» **Input data**:
(* There exist constants $r,C>1$ such that for every $q\ge 2$ there exist $n\in\mathbb{N}$, $p\in(0,1)$ and a function $f\colon(\{0,1\}^n,\mu_p)\to\mathbb{R}$ such that (a) $\|f_{S\to x}\|_2\le r^{|S|}\|f\|_2$ for all $S\subseteq[n]$ and all $x\in\{0,1\}^S$, and (b) $\|T_\rho f\|_q>\|f\|_2$ for all $\rho>\frac{C\log q}{rq}$ (with $\rho\le 1$).
   Context: $\mu_p$ is the $p$-biased product measure on $\{0,1\}^n$, $\mu_p(x)=p^{|\{i:x_i=1\}|}(1-p)^{|\{i:x_i=0\}|}$; all norms are with respect to $\mu_p$. $f_{S\to x}(y)=f(x,y)$ is the restriction. The noise operator $T_\rho f(x)=\mathbb{E}_y[f(y)]$, where $y$ keeps each coordinate of $x$ independently with probability $\rho$ and otherwise resamples it from the $p$-biased distribution on $\{0,1\}$. $\log$ is the natural logarithm. *)

theory Defs
  imports Complex_Main
begin

text \<open>Points of \<open>{0,1}^I\<close> (I a finite coordinate set) are represented by the
  subsets \<open>x \<subseteq> I\<close> of coordinates equal to 1.\<close>

definition pmu :: "real \<Rightarrow> nat set \<Rightarrow> nat set \<Rightarrow> real" where
  "pmu p I x = p ^ card x * (1 - p) ^ (card I - card x)"

definition pnorm :: "real \<Rightarrow> nat set \<Rightarrow> real \<Rightarrow> (nat set \<Rightarrow> real) \<Rightarrow> real" where
  "pnorm p I q g = (\<Sum>x\<in>Pow I. pmu p I x * \<bar>g x\<bar> powr q) powr (1 / q)"

text \<open>Restriction \<open>f_{S\<rightarrow>x}(y) = f(x,y)\<close>, a function on \<open>{0,1}^(I - S)\<close>.\<close>
definition restr :: "(nat set \<Rightarrow> real) \<Rightarrow> nat set \<Rightarrow> nat set \<Rightarrow> real" where
  "restr f x y = f (x \<union> y)"

text \<open>Noise operator: each coordinate is kept with prob. \<open>\<rho>\<close>, otherwise
  resampled from the p-biased distribution.\<close>
definition noise_kernel :: "real \<Rightarrow> real \<Rightarrow> bool \<Rightarrow> bool \<Rightarrow> real" where
  "noise_kernel p \<rho> a b = \<rho> * (if a = b then 1 else 0) + (1 - \<rho>) * (if b then p else 1 - p)"

definition noise_op :: "real \<Rightarrow> nat set \<Rightarrow> real \<Rightarrow> (nat set \<Rightarrow> real) \<Rightarrow> nat set \<Rightarrow> real" where
  "noise_op p I \<rho> f x =
     (\<Sum>y\<in>Pow I. (\<Prod>i\<in>I. noise_kernel p \<rho> (i \<in> x) (i \<in> y)) * f y)"

end

theory Submission imports Defs begin

text \<open>One coordinate suffices. Take \<open>f = 1 + x_0\<close> under bias \<open>p = 1/(6q)\<close>. Its values
  lie in \<open>[1,2]\<close>, so all restrictions are bounded by \<open>2^|S| \<parallel>f\<parallel>_2\<close>, and
  \<open>\<parallel>f\<parallel>_2^q = (1+3p)^(q/2) \<le> e^(1/4) < 3/2\<close>. On the other hand \<open>T_\<rho> f \<ge> 1\<close> everywhere and
  \<open>T_\<rho> f \<ge> 1 + \<rho>\<close> at the rare point \<open>x_0 = 1\<close>, so \<open>\<parallel>T_\<rho> f\<parallel>_q^q \<ge> 1 - p + p (1+\<rho>)^q\<close>. This
  exceeds \<open>1 - p + p (1 + 3q) = 3/2\<close> once \<open>(1+\<rho>)^q \<ge> e^(q\<rho>/2) > q^3\<close>, i.e. for
  \<open>\<rho> > 6 ln q / q\<close>.\<close>

lemma half_le_ln_one_plus:
  fixes x :: real
  assumes "0 \<le> x" "x \<le> 1"
  shows "x / 2 \<le> ln (1 + x)"
proof -
  have "ln (1 / (1 + x)) \<le> 1 / (1 + x) - 1"
    using assms by (intro ln_le_minus_one) auto
  moreover have "ln (1 / (1 + x)) = - ln (1 + x)"
    using assms by (simp add: ln_div)
  moreover have "1 / (1 + x) - 1 = - x / (1 + x)"
    using assms by (simp add: field_simps)
  moreover have "x / 2 \<le> x / (1 + x)"
    using assms by (intro divide_left_mono) auto
  ultimately show ?thesis by linarith
qed

lemma exp_half_mult_le_one_plus_powr:
  fixes x a :: real
  assumes "0 < x" "x \<le> 1" "0 \<le> a"
  shows "exp (a * x / 2) \<le> (1 + x) powr a"
proof -
  have "a * (x / 2) \<le> a * ln (1 + x)"
    using assms half_le_ln_one_plus[of x] by (intro mult_left_mono) auto
  then show ?thesis
    using assms by (simp add: powr_def)
qed

lemma one_plus_powr_le_exp_mult:
  fixes x a :: real
  assumes "0 < x" "0 \<le> a"
  shows "(1 + x) powr a \<le> exp (a * x)"
proof -
  have "a * ln (1 + x) \<le> a * x"
    using assms ln_le_minus_one[of "1 + x"] by (intro mult_left_mono) auto
  then show ?thesis
    using assms by (simp add: powr_def)
qed

lemma exp_quarter_le: "exp (1 / 4 :: real) \<le> 3 / 2"
proof -
  have "1 + (-1/4) \<le> exp (-1/4 :: real)"
    by (rule exp_ge_add_one_self)
  then have "exp (1/4 :: real) * (3/4) \<le> 1"
    by (simp add: exp_minus field_simps)
  then show ?thesis by simp
qed

lemma cube_lt_one_plus_powr:
  fixes q \<rho> :: real
  assumes "2 \<le> q" "6 * ln q / q < \<rho>" "\<rho> \<le> 1"
  shows "q ^ 3 < (1 + \<rho>) powr q"
proof -
  have "0 \<le> 6 * ln q / q"
    using assms by simp
  then have "0 < \<rho>"
    using assms by linarith
  have "q ^ 3 = exp (3 * ln q)"
    using assms exp_of_nat_mult[of 3 "ln q"] by simp
  also have "\<dots> < exp (q * \<rho> / 2)"
    using assms by (simp add: field_simps)
  also have "\<dots> \<le> (1 + \<rho>) powr q"
    using assms \<open>0 < \<rho>\<close> by (intro exp_half_mult_le_one_plus_powr) auto
  finally show ?thesis .
qed

lemma small_bias_powr_inequality:
  fixes q \<rho> :: real
  assumes q: "2 \<le> q" and \<rho>: "6 * ln q / q < \<rho>" "\<rho> \<le> 1"
  defines "p \<equiv> 1 / (6 * q)"
  shows "(1 + 3 * p) powr (q / 2) < (1 - p) + p * (1 + \<rho>) powr q"
proof -
  have "0 < p"
    using q by (simp add: p_def)
  have "4 \<le> q * q"
    using q mult_mono[of 2 q 2 q] by simp
  then have "4 * q \<le> q * q * q"
    using q by (intro mult_right_mono) auto
  then have "1 + 3 * q \<le> q ^ 3"
    unfolding power3_eq_cube using q by linarith
  then have "1 + 3 * q < (1 + \<rho>) powr q"
    using cube_lt_one_plus_powr[OF q \<rho>] by linarith
  then have "3 / 2 < (1 - p) + p * (1 + \<rho>) powr q"
    using q \<open>0 < p\<close> by (simp add: p_def field_simps)
  moreover have "(1 + 3 * p) powr (q / 2) \<le> exp (q / 2 * (3 * p))"
    using q \<open>0 < p\<close> by (intro one_plus_powr_le_exp_mult) auto
  moreover have "exp (q / 2 * (3 * p)) = exp (1 / 4)"
    using q by (simp add: p_def)
  ultimately show ?thesis
    using exp_quarter_le by linarith
qed

lemma pnorm_singleton:
  "pnorm p {i} q h = ((1 - p) * \<bar>h {}\<bar> powr q + p * \<bar>h {i}\<bar> powr q) powr (1 / q)"
proof -
  have "Pow {i} = {{}, {i}}" by auto
  then show ?thesis
    by (simp add: pnorm_def pmu_def)
qed

lemma pnorm_empty_two: "pnorm p {} 2 h = \<bar>h {}\<bar>"
  by (simp add: pnorm_def pmu_def powr_powr)

definition one_plus_x0 :: "nat set \<Rightarrow> real" where
  "one_plus_x0 y = (if 0 \<in> y then 2 else 1)"

lemma pnorm_two_one_plus_x0:
  assumes "0 < p"
  shows "pnorm p {0} 2 one_plus_x0 = sqrt (1 + 3 * p)"
  using assms by (simp add: pnorm_singleton one_plus_x0_def algebra_simps powr_half_sqrt)

lemma restriction_bound_one_plus_x0:
  assumes "0 < p" "S \<subseteq> {0}" "x \<subseteq> S"
  shows "pnorm p ({0} - S) 2 (restr one_plus_x0 x) \<le> 2 ^ card S * pnorm p {0} 2 one_plus_x0"
proof (cases "S = {}")
  case True
  moreover have "restr one_plus_x0 {} = one_plus_x0"
    by (simp add: restr_def fun_eq_iff)
  ultimately show ?thesis
    using assms by simp
next
  case False
  then have "S = {0}"
    using assms by auto
  moreover have "1 \<le> 2 * sqrt (1 + 3 * p)"
    using assms real_sqrt_ge_one[of "1 + 3 * p"] by linarith
  ultimately show ?thesis
    using assms by (auto simp add: pnorm_empty_two pnorm_two_one_plus_x0 restr_def one_plus_x0_def)
qed

lemma noise_one_plus_x0_lower_bounds:
  assumes "0 \<le> p" "0 \<le> \<rho>" "\<rho> \<le> 1"
  shows "1 \<le> noise_op p {0} \<rho> one_plus_x0 {}"
    and "1 + \<rho> \<le> noise_op p {0} \<rho> one_plus_x0 {0}"
proof -
  have Pow: "Pow {0 :: nat} = {{}, {0}}" by auto
  have "0 \<le> (1 - \<rho>) * p"
    using assms by simp
  then show "1 \<le> noise_op p {0} \<rho> one_plus_x0 {}"
    and "1 + \<rho> \<le> noise_op p {0} \<rho> one_plus_x0 {0}"
    by (simp_all add: noise_op_def noise_kernel_def Pow one_plus_x0_def algebra_simps)
qed

lemma noise_one_plus_x0_pnorm_gt:
  fixes q \<rho> :: real
  assumes q: "2 \<le> q" and \<rho>: "6 * ln q / q < \<rho>" "\<rho> \<le> 1"
  defines "p \<equiv> 1 / (6 * q)"
  shows "pnorm p {0} 2 one_plus_x0 < pnorm p {0} q (noise_op p {0} \<rho> one_plus_x0)"
proof -
  let ?T = "noise_op p {0} \<rho> one_plus_x0"
  have p: "0 < p" "p < 1"
    using q by (auto simp: p_def field_simps)
  have "0 \<le> 6 * ln q / q"
    using q by simp
  then have "0 < \<rho>"
    using \<rho> by linarith
  note T = noise_one_plus_x0_lower_bounds[of p \<rho>]
  have "(1 - p) * 1 \<le> (1 - p) * \<bar>?T {}\<bar> powr q"
    using T p q \<open>0 < \<rho>\<close> \<rho> by (intro mult_left_mono ge_one_powr_ge_zero) auto
  moreover have "p * (1 + \<rho>) powr q \<le> p * \<bar>?T {0}\<bar> powr q"
    using T p q \<open>0 < \<rho>\<close> \<rho> by (intro mult_left_mono powr_mono2) auto
  ultimately have "(1 + 3 * p) powr (q / 2) < (1 - p) * \<bar>?T {}\<bar> powr q + p * \<bar>?T {0}\<bar> powr q"
    using small_bias_powr_inequality[OF q \<rho>] by (simp add: p_def)
  then have "((1 + 3 * p) powr (q / 2)) powr (1 / q)
      < ((1 - p) * \<bar>?T {}\<bar> powr q + p * \<bar>?T {0}\<bar> powr q) powr (1 / q)"
    using q by (intro powr_less_mono2) auto
  moreover have "((1 + 3 * p) powr (q / 2)) powr (1 / q) = sqrt (1 + 3 * p)"
    using q p by (simp add: powr_powr powr_half_sqrt)
  moreover have "pnorm p {0} q ?T = ((1 - p) * \<bar>?T {}\<bar> powr q + p * \<bar>?T {0}\<bar> powr q) powr (1 / q)"
    by (rule pnorm_singleton)
  ultimately show ?thesis
    using pnorm_two_one_plus_x0[OF p(1)] by simp
qed

theorem mainTheorem2:
  shows "\<exists>r C :: real. r > 1 \<and> C > 1 \<and>
    (\<forall>q :: real. q \<ge> 2 \<longrightarrow>
      (\<exists>(n :: nat) (p :: real) (f :: nat set \<Rightarrow> real).
         0 < p \<and> p < 1 \<and>
         (\<forall>S x. S \<subseteq> {..<n} \<longrightarrow> x \<subseteq> S \<longrightarrow>
            pnorm p ({..<n} - S) 2 (restr f x) \<le> r ^ card S * pnorm p {..<n} 2 f) \<and>
         (\<forall>\<rho> :: real. C * ln q / (r * q) < \<rho> \<and> \<rho> \<le> 1 \<longrightarrow>
            pnorm p {..<n} q (noise_op p {..<n} \<rho> f) > pnorm p {..<n} 2 f)))"
proof (rule exI[of _ "2 :: real"], rule exI[of _ "12 :: real"], intro conjI allI impI)
  fix q :: real
  assume q: "2 \<le> q"
  define p where "p = 1 / (6 * q)"
  have p: "0 < p" "p < 1"
    using q by (auto simp: p_def field_simps)
  have n: "{..<1 :: nat} = {0}" by auto
  have restriction: "\<forall>S x. S \<subseteq> {..<1} \<longrightarrow> x \<subseteq> S \<longrightarrow>
      pnorm p ({..<1} - S) 2 (restr one_plus_x0 x) \<le> 2 ^ card S * pnorm p {..<1} 2 one_plus_x0"
    unfolding n using restriction_bound_one_plus_x0[OF p(1)] by blast
  have noise: "\<forall>\<rho>. 12 * ln q / (2 * q) < \<rho> \<and> \<rho> \<le> 1 \<longrightarrow>
      pnorm p {..<1} q (noise_op p {..<1} \<rho> one_plus_x0) > pnorm p {..<1} 2 one_plus_x0"
    unfolding n p_def using noise_one_plus_x0_pnorm_gt[OF q] by simp
  from p restriction noise show "\<exists>(n :: nat) p f. 0 < p \<and> p < 1 \<and>
      (\<forall>S x. S \<subseteq> {..<n} \<longrightarrow> x \<subseteq> S \<longrightarrow>
        pnorm p ({..<n} - S) 2 (restr f x) \<le> 2 ^ card S * pnorm p {..<n} 2 f) \<and>
      (\<forall>\<rho>. 12 * ln q / (2 * q) < \<rho> \<and> \<rho> \<le> 1 \<longrightarrow>
        pnorm p {..<n} q (noise_op p {..<n} \<rho> f) > pnorm p {..<n} 2 f)"
    by blast
qed simp_all

end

» **Exercise goal**:
What lines of the material above include "dots"? Copy each one.

» **Your solution**:
  also have "\<dots> < exp (q * \<rho> / 2)"
  also have "\<dots> \<le> (1 + \<rho>) powr q"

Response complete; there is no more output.